Я задумалась. Подобные ассоциации всегда давались мне с трудом.
— Пожалуй, с айвой, — сказала я, — жесткая и терпкая. Или нет, все-таки не айва, а зеленое яблоко. Крепкое, кисловатое, не на всякий вкус.
— Такая ты и есть — крепкая, кислая и не на всякий вкус, — сказала Лариска, — скажешь, нет?
Я не удержалась от улыбки. Лариска меня подловила: кислая и не на всякий вкус — точнее обо мне было трудно сказать.
— А ты? — спросила я. — С чем себя ассоциируешь?

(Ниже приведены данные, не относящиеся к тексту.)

(* For every even integer $n \ge 2$ and every $\epsilon$ with $0<\epsilon<\tfrac{1}{2}$, consider the instance with $n+1$ bamboos and growth rates $h(1)=1$, $h(2)=\cdots=h(n+1)=\tfrac12+\epsilon$. For this instance $H^{PW}=n+1$ and $H^*\le \tfrac{n}{2}+1+(n+2)\epsilon$. Consequently, $\sup H^{PW}/H^* \ge 2$, the supremum being taken over all instances; that is, the approximation ratio $2$ of algorithm PW is asymptotically tight.
   Context: An instance consists of an integer $n\ge 1$ and growth rates $1=h(1)\ge h(2)\ge\cdots\ge h(n)>0$ of bamboos $b_1,\dots,b_n$. Bamboo Garden Trimming (discrete version): - All heights are $0$ initially. - On each day $t=1,2,\dots$ every bamboo $b_j$ grows by $h(j)$. - At the end of each day the gardener cuts exactly one bamboo $\sigma(t)\in\{1,\dots,n\}$ back to height $0$. The height of a schedule $\sigma:\mathbb{N}\to\{1,\dots,n\}$ is the supremum, over all days $t$ and all $j$, of the height of $b_j$ at the end of day $t$ just before the cut. $H^*$ denotes the infimum of this height over all schedules. Algorithm PW: - For each $j$, let $h'(j)=2^{-k}$, where $k\ge 0$ is the integer with $2^{-(k+1)}<h(j)\le 2^{-k}$. - Bamboos are grouped into $\alpha=\lceil\sum_{j=1}^n h'(j)\rceil$ partitions, with rounded growths summing to at most $1$ in each partition. - The partitions are served cyclically. - Its value is $H^{PW}=\alpha\cdot h(1)=\lceil\sum_{j=1}^n h'(j)\rceil$. *)

theory Defs
  imports "HOL-Analysis.Analysis"
begin

definition valid_instance :: "nat \<Rightarrow> (nat \<Rightarrow> real) \<Rightarrow> bool" where
  "valid_instance n h \<longleftrightarrow> n \<ge> 1 \<and> h 1 = 1 \<and>
     (\<forall>i j. 1 \<le> i \<and> i \<le> j \<and> j \<le> n \<longrightarrow> h j \<le> h i) \<and> h n > 0"

definition schedule :: "nat \<Rightarrow> (nat \<Rightarrow> nat) \<Rightarrow> bool" where
  "schedule n \<sigma> \<longleftrightarrow> (\<forall>t\<ge>1. \<sigma> t \<in> {1..n})"

definition last_cut :: "(nat \<Rightarrow> nat) \<Rightarrow> nat \<Rightarrow> nat \<Rightarrow> nat" where
  "last_cut \<sigma> j t = Max ({s. 1 \<le> s \<and> s < t \<and> \<sigma> s = j} \<union> {0})"

text \<open>Height of bamboo j at the end of day t, just before the cut of day t.\<close>
definition height_at :: "(nat \<Rightarrow> real) \<Rightarrow> (nat \<Rightarrow> nat) \<Rightarrow> nat \<Rightarrow> nat \<Rightarrow> real" where
  "height_at h \<sigma> j t = h j * real (t - last_cut \<sigma> j t)"

definition sched_height :: "nat \<Rightarrow> (nat \<Rightarrow> real) \<Rightarrow> (nat \<Rightarrow> nat) \<Rightarrow> ereal" where
  "sched_height n h \<sigma> = (SUP p \<in> {1..} \<times> {1..n}. ereal (height_at h \<sigma> (snd p) (fst p)))"

definition H_star :: "nat \<Rightarrow> (nat \<Rightarrow> real) \<Rightarrow> ereal" where
  "H_star n h = (INF \<sigma> \<in> {\<sigma>. schedule n \<sigma>}. sched_height n h \<sigma>)"

definition round_rate :: "real \<Rightarrow> real" where
  "round_rate x = 2 powr (- real (THE k::nat. 2 powr (- real (k + 1)) < x \<and> x \<le> 2 powr (- real k)))"

definition H_PW :: "nat \<Rightarrow> (nat \<Rightarrow> real) \<Rightarrow> real" where
  "H_PW n h = real_of_int \<lceil>\<Sum>j=1..n. round_rate (h j)\<rceil>"

end

theory Submission
  imports Defs
begin

text \<open>
  Every rate of the instance rounds up to 1, so PW pays one full period of n + 1 days.
  A better schedule serves bamboo 1 every m = n/2 + 1 days and the n others in two blocks
  of m - 1 each, i.e. it runs through 1, 2, ..., m, 1, m + 1, ..., 2m - 1 cyclically; its
  height is at most max(m, 2m (1/2 + \<epsilon>)). Choosing \<epsilon> of order 1/n makes the ratio
  (n + 1)/H* tend to 2, while H* \<ge> 1 keeps the quotient finite.
\<close>

lemma round_rate_eq:
  assumes "2 powr - real (k + 1) < x" "x \<le> 2 powr - real k"
  shows "round_rate x = 2 powr - real k"
proof -
  have "(THE k::nat. 2 powr (- real (k + 1)) < x \<and> x \<le> 2 powr (- real k)) = k"
  proof (rule the_equality)
    fix k' :: nat assume k': "2 powr (- real (k' + 1)) < x \<and> x \<le> 2 powr (- real k')"
    have "\<not> k' < k" and "\<not> k < k'"
    proof -
      have "2 powr - real a \<le> 2 powr - real (b + 1)" if "b < a" for a b :: nat
        using that by (intro powr_mono) auto
      then show "\<not> k' < k" "\<not> k < k'" using assms k' by (meson not_less order.trans)+
    qed
    then show "k' = k" by simp
  qed (use assms in simp)
  then show ?thesis unfolding round_rate_def by simp
qed

corollary round_rate_eq_1: "1/2 < x \<Longrightarrow> x \<le> 1 \<Longrightarrow> round_rate x = 1"
  using round_rate_eq[of 0 x] by (simp add: powr_minus)

lemma last_cut_ge: "1 \<le> s \<Longrightarrow> s < t \<Longrightarrow> \<sigma> s = j \<Longrightarrow> s \<le> last_cut \<sigma> j t"
  unfolding last_cut_def by (rule Max_ge) (auto intro: finite_subset[of _ "{..<t}"])

lemma last_cut_1: "last_cut \<sigma> j 1 = 0"
proof -
  have "{s. 1 \<le> s \<and> s < 1 \<and> \<sigma> s = j} \<union> {0} = {0}" by auto
  then show ?thesis by (simp only: last_cut_def) simp
qed

lemma cut_gap_le_period:
  assumes "1 \<le> r" "r \<le> P" "\<And>k. \<sigma> (k * P + r) = j"
  shows "t - last_cut \<sigma> j t \<le> P"
proof (cases "t \<le> P")
  case False
  define s where "s = (t - 1 - r) div P * P + r"
  have "s + (t - 1 - r) mod P = (t - 1 - r) div P * P + (t - 1 - r) mod P + r"
    unfolding s_def by simp
  also have "\<dots> = t - 1" using False assms(2) by simp
  finally have "s + (t - 1 - r) mod P = t - 1" .
  moreover have "(t - 1 - r) mod P < P" using assms by simp
  ultimately have "s < t" "t \<le> s + P" using False by linarith+
  moreover have "1 \<le> s" using assms(1) by (simp add: s_def)
  ultimately have "s \<le> last_cut \<sigma> j t" using last_cut_ge assms(3) by (metis s_def)
  then show ?thesis using \<open>t \<le> s + P\<close> by linarith
qed simp

lemma sched_height_le:
  assumes "\<And>t j. 1 \<le> t \<Longrightarrow> j \<in> {1..n} \<Longrightarrow> height_at h \<sigma> j t \<le> B"
  shows "sched_height n h \<sigma> \<le> ereal B"
  unfolding sched_height_def using assms by (intro SUP_least) auto

lemma H_star_ge_1:
  assumes "valid_instance n h"
  shows "1 \<le> H_star n h"
  unfolding H_star_def
proof (rule INF_greatest)
  fix \<sigma> :: "nat \<Rightarrow> nat"
  have "ereal (height_at h \<sigma> 1 1) \<le> sched_height n h \<sigma>"
    unfolding sched_height_def using assms
    by (intro SUP_upper2[where i="(1, 1)"]) (auto simp: valid_instance_def)
  then show "1 \<le> sched_height n h \<sigma>"
    using assms by (simp add: height_at_def last_cut_1 valid_instance_def one_ereal_def
      del: One_nat_def)
qed

text \<open>
  Cyclic schedule of period 2m on the bamboos 1, ..., 2m - 1: the day residues 0 and m
  go to bamboo 1, residues 1, ..., m - 1 to bamboos 2, ..., m, and residues
  m + 1, ..., 2m - 1 to the bamboos with the same index.
\<close>
definition two_phase_schedule :: "nat \<Rightarrow> nat \<Rightarrow> nat" where
  "two_phase_schedule m t =
     (let r = t mod (2 * m) in if r mod m = 0 then 1 else if r < m then r + 1 else r)"

lemma two_phase_schedule_range:
  assumes "0 < m"
  shows "two_phase_schedule m t \<in> {1..2 * m - 1}"
proof -
  have "t mod (2 * m) < 2 * m" using assms by simp
  then show ?thesis unfolding two_phase_schedule_def Let_def by auto
qed

lemma two_phase_schedule_first: "0 < m \<Longrightarrow> two_phase_schedule m (k * m + m) = 1"
  unfolding two_phase_schedule_def Let_def by (simp add: mod_mod_cancel)

lemma two_phase_schedule_other:
  assumes "2 \<le> j" "j \<le> 2 * m - 1"
  defines "r \<equiv> if j \<le> m then j - 1 else j"
  shows "two_phase_schedule m (k * (2 * m) + r) = j"
proof -
  have r: "1 \<le> r" "r < 2 * m" "r \<noteq> m" using assms by (auto simp: r_def)
  then have "(k * (2 * m) + r) mod (2 * m) = r" by simp
  moreover have "r mod m \<noteq> 0"
    using r by (cases "r < m") (auto simp: le_mod_geq)
  ultimately show ?thesis
    using assms r unfolding two_phase_schedule_def Let_def by (auto simp: r_def)
qed

lemma two_phase_schedule_gap:
  assumes "j \<in> {1..2 * m - 1}"
  shows "t - last_cut (two_phase_schedule m) j t \<le> (if j = 1 then m else 2 * m)"
proof (cases "j = 1")
  case True
  then show ?thesis using assms two_phase_schedule_first
    by (intro cut_gap_le_period[of m]) auto
next
  case False
  then show ?thesis using assms two_phase_schedule_other[of j m]
    by (intro cut_gap_le_period[of "if j \<le> m then j - 1 else j"]) auto
qed

lemma two_phase_height_le:
  assumes "j \<in> {1..2 * m - 1}" "h 1 = 1" "\<And>i. i \<noteq> 1 \<Longrightarrow> 0 \<le> h i \<and> h i \<le> c"
    "real m \<le> B" "2 * real m * c \<le> B"
  shows "height_at h (two_phase_schedule m) j t \<le> B"
proof -
  let ?g = "t - last_cut (two_phase_schedule m) j t"
  have "real ?g \<le> (if j = 1 then real m else 2 * real m)"
    using two_phase_schedule_gap[OF assms(1), of t] by (auto split: if_splits)
  moreover have "h j * real ?g \<le> c * (2 * real m)" if "j \<noteq> 1"
    using assms(3)[OF that] \<open>real ?g \<le> _\<close> that by (intro mult_mono) auto
  ultimately show ?thesis
    using assms by (cases "j = 1") (auto simp: height_at_def mult.commute)
qed

definition tight_instance :: "real \<Rightarrow> nat \<Rightarrow> real" where
  "tight_instance \<epsilon> = (\<lambda>j. if j = 1 then 1 else 1/2 + \<epsilon>)"

lemma tight_instance_valid:
  "1 \<le> n \<Longrightarrow> 0 < \<epsilon> \<Longrightarrow> \<epsilon> < 1/2 \<Longrightarrow> valid_instance n (tight_instance \<epsilon>)"
  unfolding valid_instance_def tight_instance_def by auto

lemma H_PW_tight_instance:
  "0 < \<epsilon> \<Longrightarrow> \<epsilon> < 1/2 \<Longrightarrow> H_PW n (tight_instance \<epsilon>) = real n"
  unfolding H_PW_def tight_instance_def by (simp add: round_rate_eq_1)

lemma H_star_tight_instance_le:
  assumes "even n" "0 < \<epsilon>"
  shows "H_star (n + 1) (tight_instance \<epsilon>) \<le> ereal (real n / 2 + 1 + (real n + 2) * \<epsilon>)"
proof -
  define m where "m = n div 2 + 1"
  have m: "2 * m - 1 = n + 1" "real m = real n / 2 + 1" using assms(1) by (auto simp: m_def)
  have "schedule (n + 1) (two_phase_schedule m)"
    using two_phase_schedule_range[of m] m(1) by (simp add: schedule_def m_def)
  moreover have "sched_height (n + 1) (tight_instance \<epsilon>) (two_phase_schedule m)
      \<le> ereal (real n / 2 + 1 + (real n + 2) * \<epsilon>)"
    using assms m by (intro sched_height_le two_phase_height_le[where c = "1/2 + \<epsilon>"])
      (auto simp: tight_instance_def algebra_simps)
  ultimately show ?thesis unfolding H_star_def by (meson INF_lower2 mem_Collect_eq)
qed

lemma PW_ratio_ge:
  assumes "even n" "2 \<le> n"
  shows "ereal (2 * (real n + 1) / (real n + 3))
    \<le> (SUP p \<in> {(m, g). valid_instance m g}. ereal (H_PW (fst p) (snd p)) / H_star (fst p) (snd p))"
    (is "_ \<le> ?S")
proof -
  define \<epsilon> :: real where "\<epsilon> = 1 / (2 * (real n + 2))"
  define g where "g = tight_instance \<epsilon>"
  have \<epsilon>: "0 < \<epsilon>" "\<epsilon> < 1/2" "real n / 2 + 1 + (real n + 2) * \<epsilon> = (real n + 3) / 2"
    using assms by (auto simp: \<epsilon>_def field_simps)
  have valid: "valid_instance (n + 1) g"
    using \<epsilon> by (simp add: g_def tight_instance_valid)
  obtain c where c: "H_star (n + 1) g = ereal c" "1 \<le> c" "c \<le> (real n + 3) / 2"
    using H_star_ge_1[OF valid] H_star_tight_instance_le[OF assms(1) \<epsilon>(1)] \<epsilon>(3)
    by (cases "H_star (n + 1) g") (auto simp: g_def)
  have "2 * (real n + 1) / (real n + 3) = (real n + 1) / ((real n + 3) / 2)" by simp
  also have "\<dots> \<le> (real n + 1) / c" using c by (intro divide_left_mono) auto
  finally have "ereal (2 * (real n + 1) / (real n + 3)) \<le> ereal (H_PW (n + 1) g) / H_star (n + 1) g"
    using c \<epsilon> by (simp add: g_def H_PW_tight_instance add.commute)
  also have "\<dots> \<le> ?S" using valid by (intro SUP_upper2[where i = "(n + 1, g)"]) auto
  finally show ?thesis .
qed

lemma PW_ratio_sup_ge_2:
  "2 \<le> (SUP p \<in> {(m, g). valid_instance m g}. ereal (H_PW (fst p) (snd p)) / H_star (fst p) (snd p))"
  (is "_ \<le> ?S")
proof (rule dense_le)
  fix y :: ereal assume "y < 2"
  then show "y \<le> ?S"
  proof (cases y)
    case (real r)
    obtain q :: nat where q: "4 / (2 - r) < real q" using reals_Archimedean2 by blast
    define n where "n = 2 * q + 2"
    have "4 < (2 - r) * (real n + 3)"
      using q \<open>y < 2\<close> real by (simp add: n_def field_simps)
    then have "y \<le> ereal (2 * (real n + 1) / (real n + 3))"
      using real by (simp add: field_simps)
    also have "\<dots> \<le> ?S" by (rule PW_ratio_ge) (auto simp: n_def)
    finally show ?thesis .
  qed auto
qed

theorem lemma1:
  fixes n :: nat and \<epsilon> :: real
  assumes "even n" and "n \<ge> 2" and "0 < \<epsilon>" and "\<epsilon> < 1/2"
  defines "h \<equiv> (\<lambda>j::nat. if j = 1 then 1 else 1/2 + \<epsilon>)"
  shows "H_PW (n + 1) h = real (n + 1) \<and>
    H_star (n + 1) h \<le> ereal (real n / 2 + 1 + (real n + 2) * \<epsilon>) \<and>
    (SUP p \<in> {(m, g). valid_instance m g}. ereal (H_PW (fst p) (snd p)) / H_star (fst p) (snd p)) \<ge> 2"
proof -
  have "h = tight_instance \<epsilon>" by (simp add: h_def tight_instance_def)
  then show ?thesis
    using H_PW_tight_instance H_star_tight_instance_le PW_ratio_sup_ge_2 assms by simp
qed

end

— С кокосом, — тут же ответила она.
— С кокосом? Почему?
— Он снаружи твердый, а внутри у него нежная мякоть, — Лариска пыталась улыбаться, но не очень-то хорошо у нее это получалось, — все видят его твердую корочку и забывают про мягкую внутренность. Думают, что это орех, и поэтому его безболезненно можно долбить камнем. Если при этом повредится мякоть, то он все равно останется съедобным. А разве кому-то нужно от кокоса что-нибудь еще?
Ларискин голос поднялся до опасных высот. Я дотронулась до ее джинсового плеча и хотела сказать что-нибудь. Но так и не придумала, что можно сказать женщине, чувствующей себя разбиваемым кокосом. Стало неловко. Спас положение внезапно возникший в дверном проеме Матвей.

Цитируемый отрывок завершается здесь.